**DATASET CONTENT**
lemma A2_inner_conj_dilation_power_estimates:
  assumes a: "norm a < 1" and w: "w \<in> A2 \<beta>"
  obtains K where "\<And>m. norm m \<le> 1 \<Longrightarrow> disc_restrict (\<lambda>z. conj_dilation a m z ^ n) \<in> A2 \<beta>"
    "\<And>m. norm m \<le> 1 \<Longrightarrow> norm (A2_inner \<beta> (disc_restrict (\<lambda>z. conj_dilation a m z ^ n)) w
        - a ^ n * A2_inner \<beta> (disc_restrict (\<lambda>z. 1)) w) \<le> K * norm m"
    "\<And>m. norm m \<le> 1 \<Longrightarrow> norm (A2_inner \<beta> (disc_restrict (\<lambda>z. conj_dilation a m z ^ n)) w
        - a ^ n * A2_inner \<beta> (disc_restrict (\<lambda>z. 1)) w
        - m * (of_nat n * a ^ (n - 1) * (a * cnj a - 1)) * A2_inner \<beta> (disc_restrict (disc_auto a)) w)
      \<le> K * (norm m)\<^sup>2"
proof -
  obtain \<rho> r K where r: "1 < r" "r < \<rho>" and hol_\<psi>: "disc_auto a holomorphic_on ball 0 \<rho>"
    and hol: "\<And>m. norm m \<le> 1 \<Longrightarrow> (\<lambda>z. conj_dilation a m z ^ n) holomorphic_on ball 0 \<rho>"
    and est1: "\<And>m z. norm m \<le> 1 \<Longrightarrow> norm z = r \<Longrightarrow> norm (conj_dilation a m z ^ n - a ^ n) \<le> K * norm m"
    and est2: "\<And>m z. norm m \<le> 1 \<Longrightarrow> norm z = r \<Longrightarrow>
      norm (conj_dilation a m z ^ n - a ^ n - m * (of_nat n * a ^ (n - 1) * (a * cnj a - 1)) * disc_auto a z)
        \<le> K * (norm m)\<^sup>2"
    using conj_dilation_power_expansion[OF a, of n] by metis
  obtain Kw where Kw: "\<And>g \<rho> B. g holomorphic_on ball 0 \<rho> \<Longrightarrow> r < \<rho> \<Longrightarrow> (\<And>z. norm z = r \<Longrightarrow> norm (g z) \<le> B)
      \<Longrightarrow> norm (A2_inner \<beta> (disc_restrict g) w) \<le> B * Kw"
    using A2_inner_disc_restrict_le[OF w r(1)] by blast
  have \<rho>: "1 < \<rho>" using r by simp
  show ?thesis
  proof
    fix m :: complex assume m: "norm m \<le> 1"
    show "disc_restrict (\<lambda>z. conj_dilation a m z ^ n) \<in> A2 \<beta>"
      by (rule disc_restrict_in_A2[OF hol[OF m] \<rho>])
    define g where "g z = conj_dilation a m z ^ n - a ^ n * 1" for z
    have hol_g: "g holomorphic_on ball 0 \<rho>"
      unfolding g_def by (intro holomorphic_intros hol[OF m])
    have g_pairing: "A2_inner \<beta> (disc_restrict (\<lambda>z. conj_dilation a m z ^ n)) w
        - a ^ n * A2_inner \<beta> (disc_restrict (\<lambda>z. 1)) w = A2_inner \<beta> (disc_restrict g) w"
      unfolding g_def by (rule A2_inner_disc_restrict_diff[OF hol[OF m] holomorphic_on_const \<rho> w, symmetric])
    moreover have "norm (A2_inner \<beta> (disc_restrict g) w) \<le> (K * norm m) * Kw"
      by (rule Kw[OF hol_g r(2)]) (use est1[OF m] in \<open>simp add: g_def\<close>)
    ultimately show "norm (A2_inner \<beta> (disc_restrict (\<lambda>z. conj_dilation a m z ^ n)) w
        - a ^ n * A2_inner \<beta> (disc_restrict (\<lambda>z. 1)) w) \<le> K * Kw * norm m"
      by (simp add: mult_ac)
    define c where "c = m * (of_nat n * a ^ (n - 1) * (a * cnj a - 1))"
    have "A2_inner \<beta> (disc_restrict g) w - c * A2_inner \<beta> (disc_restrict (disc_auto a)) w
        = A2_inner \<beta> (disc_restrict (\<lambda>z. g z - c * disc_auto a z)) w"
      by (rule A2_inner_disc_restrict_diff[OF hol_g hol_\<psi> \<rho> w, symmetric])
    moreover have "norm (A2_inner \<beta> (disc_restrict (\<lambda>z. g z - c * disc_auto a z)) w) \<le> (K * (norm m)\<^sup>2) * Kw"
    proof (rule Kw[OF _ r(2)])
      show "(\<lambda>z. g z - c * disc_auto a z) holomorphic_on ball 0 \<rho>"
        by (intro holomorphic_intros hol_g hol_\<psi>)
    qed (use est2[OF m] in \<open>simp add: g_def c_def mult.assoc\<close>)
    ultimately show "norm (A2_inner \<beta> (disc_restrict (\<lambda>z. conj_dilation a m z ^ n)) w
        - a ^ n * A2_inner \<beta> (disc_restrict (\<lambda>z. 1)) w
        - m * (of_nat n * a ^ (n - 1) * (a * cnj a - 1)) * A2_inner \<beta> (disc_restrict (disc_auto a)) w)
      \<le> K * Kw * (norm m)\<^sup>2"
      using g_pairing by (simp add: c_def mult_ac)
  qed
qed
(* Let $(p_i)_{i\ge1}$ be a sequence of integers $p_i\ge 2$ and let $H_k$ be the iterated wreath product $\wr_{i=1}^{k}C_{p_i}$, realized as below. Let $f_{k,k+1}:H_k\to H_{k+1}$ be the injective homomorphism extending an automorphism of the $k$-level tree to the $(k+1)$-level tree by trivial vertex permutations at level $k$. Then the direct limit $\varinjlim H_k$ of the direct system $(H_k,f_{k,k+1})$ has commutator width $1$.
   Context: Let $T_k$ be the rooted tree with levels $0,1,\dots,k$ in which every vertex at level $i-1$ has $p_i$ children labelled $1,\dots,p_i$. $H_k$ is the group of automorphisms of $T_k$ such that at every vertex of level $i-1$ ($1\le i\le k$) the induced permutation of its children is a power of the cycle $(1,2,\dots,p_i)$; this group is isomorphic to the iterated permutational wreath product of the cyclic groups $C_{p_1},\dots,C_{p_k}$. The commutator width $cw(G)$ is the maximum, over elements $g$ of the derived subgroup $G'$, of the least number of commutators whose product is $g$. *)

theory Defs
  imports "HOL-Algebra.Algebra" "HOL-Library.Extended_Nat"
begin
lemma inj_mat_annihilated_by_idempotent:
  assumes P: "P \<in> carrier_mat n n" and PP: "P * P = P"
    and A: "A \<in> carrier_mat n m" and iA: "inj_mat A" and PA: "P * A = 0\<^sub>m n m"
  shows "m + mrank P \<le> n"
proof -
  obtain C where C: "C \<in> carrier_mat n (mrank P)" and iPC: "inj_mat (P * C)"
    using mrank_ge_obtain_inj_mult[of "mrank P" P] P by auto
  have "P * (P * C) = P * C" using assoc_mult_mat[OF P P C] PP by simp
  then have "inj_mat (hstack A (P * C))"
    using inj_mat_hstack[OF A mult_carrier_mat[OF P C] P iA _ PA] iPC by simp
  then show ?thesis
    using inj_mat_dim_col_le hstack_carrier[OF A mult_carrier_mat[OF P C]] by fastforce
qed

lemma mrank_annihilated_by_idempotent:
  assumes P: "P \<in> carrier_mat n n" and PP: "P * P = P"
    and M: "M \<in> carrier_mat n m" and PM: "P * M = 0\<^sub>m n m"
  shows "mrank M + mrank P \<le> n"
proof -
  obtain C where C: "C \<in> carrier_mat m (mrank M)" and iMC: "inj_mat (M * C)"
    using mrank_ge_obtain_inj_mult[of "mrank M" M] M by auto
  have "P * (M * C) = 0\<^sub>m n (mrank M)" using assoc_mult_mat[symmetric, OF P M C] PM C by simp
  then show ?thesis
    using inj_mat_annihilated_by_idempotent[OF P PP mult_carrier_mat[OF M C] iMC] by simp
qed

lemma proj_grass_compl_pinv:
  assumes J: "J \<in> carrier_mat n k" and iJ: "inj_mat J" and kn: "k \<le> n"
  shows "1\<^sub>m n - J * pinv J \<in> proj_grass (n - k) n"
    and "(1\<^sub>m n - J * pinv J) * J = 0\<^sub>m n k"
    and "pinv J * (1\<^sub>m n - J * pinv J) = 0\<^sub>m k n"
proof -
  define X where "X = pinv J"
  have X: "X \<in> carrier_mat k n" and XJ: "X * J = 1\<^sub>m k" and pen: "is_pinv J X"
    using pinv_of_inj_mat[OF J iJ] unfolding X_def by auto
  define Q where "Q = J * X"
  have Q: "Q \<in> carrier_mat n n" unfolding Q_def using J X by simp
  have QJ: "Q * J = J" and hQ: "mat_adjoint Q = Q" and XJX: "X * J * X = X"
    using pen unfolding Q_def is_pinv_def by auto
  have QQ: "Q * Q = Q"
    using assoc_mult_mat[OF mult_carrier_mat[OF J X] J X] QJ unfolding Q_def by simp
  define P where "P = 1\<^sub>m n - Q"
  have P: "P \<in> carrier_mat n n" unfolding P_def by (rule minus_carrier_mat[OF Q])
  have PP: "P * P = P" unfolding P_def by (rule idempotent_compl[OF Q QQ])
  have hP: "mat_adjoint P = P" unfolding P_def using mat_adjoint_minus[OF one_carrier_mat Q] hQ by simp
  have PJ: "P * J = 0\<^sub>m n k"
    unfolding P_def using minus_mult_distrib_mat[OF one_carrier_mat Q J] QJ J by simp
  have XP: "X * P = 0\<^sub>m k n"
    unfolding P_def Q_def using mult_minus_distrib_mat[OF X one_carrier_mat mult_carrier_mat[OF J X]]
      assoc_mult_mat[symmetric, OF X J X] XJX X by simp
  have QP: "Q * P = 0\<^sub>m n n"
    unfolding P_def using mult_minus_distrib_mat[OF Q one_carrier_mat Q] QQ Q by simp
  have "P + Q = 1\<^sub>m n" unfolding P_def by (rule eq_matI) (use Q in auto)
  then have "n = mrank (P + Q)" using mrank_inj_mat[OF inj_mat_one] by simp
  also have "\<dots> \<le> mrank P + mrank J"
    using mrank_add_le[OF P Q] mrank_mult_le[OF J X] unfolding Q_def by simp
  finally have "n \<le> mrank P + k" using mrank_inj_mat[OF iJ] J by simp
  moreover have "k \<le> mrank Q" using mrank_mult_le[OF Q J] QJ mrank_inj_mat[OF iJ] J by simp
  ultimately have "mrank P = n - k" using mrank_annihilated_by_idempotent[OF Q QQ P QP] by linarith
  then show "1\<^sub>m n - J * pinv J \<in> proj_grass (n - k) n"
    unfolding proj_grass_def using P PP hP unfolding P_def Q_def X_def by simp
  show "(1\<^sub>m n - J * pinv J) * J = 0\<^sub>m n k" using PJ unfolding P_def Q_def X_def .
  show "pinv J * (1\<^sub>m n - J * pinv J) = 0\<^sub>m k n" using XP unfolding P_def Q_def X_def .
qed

**PROBLEM DESCRIPTION**
Every line above in which the word "open" occurs is to be copied.

**RESULT OF THE EXERCISE**
      by (rule Kw[OF hol_g r(2)]) (use est1[OF m] in \<open>simp add: g_def\<close>)
    qed (use est2[OF m] in \<open>simp add: g_def c_def mult.assoc\<close>)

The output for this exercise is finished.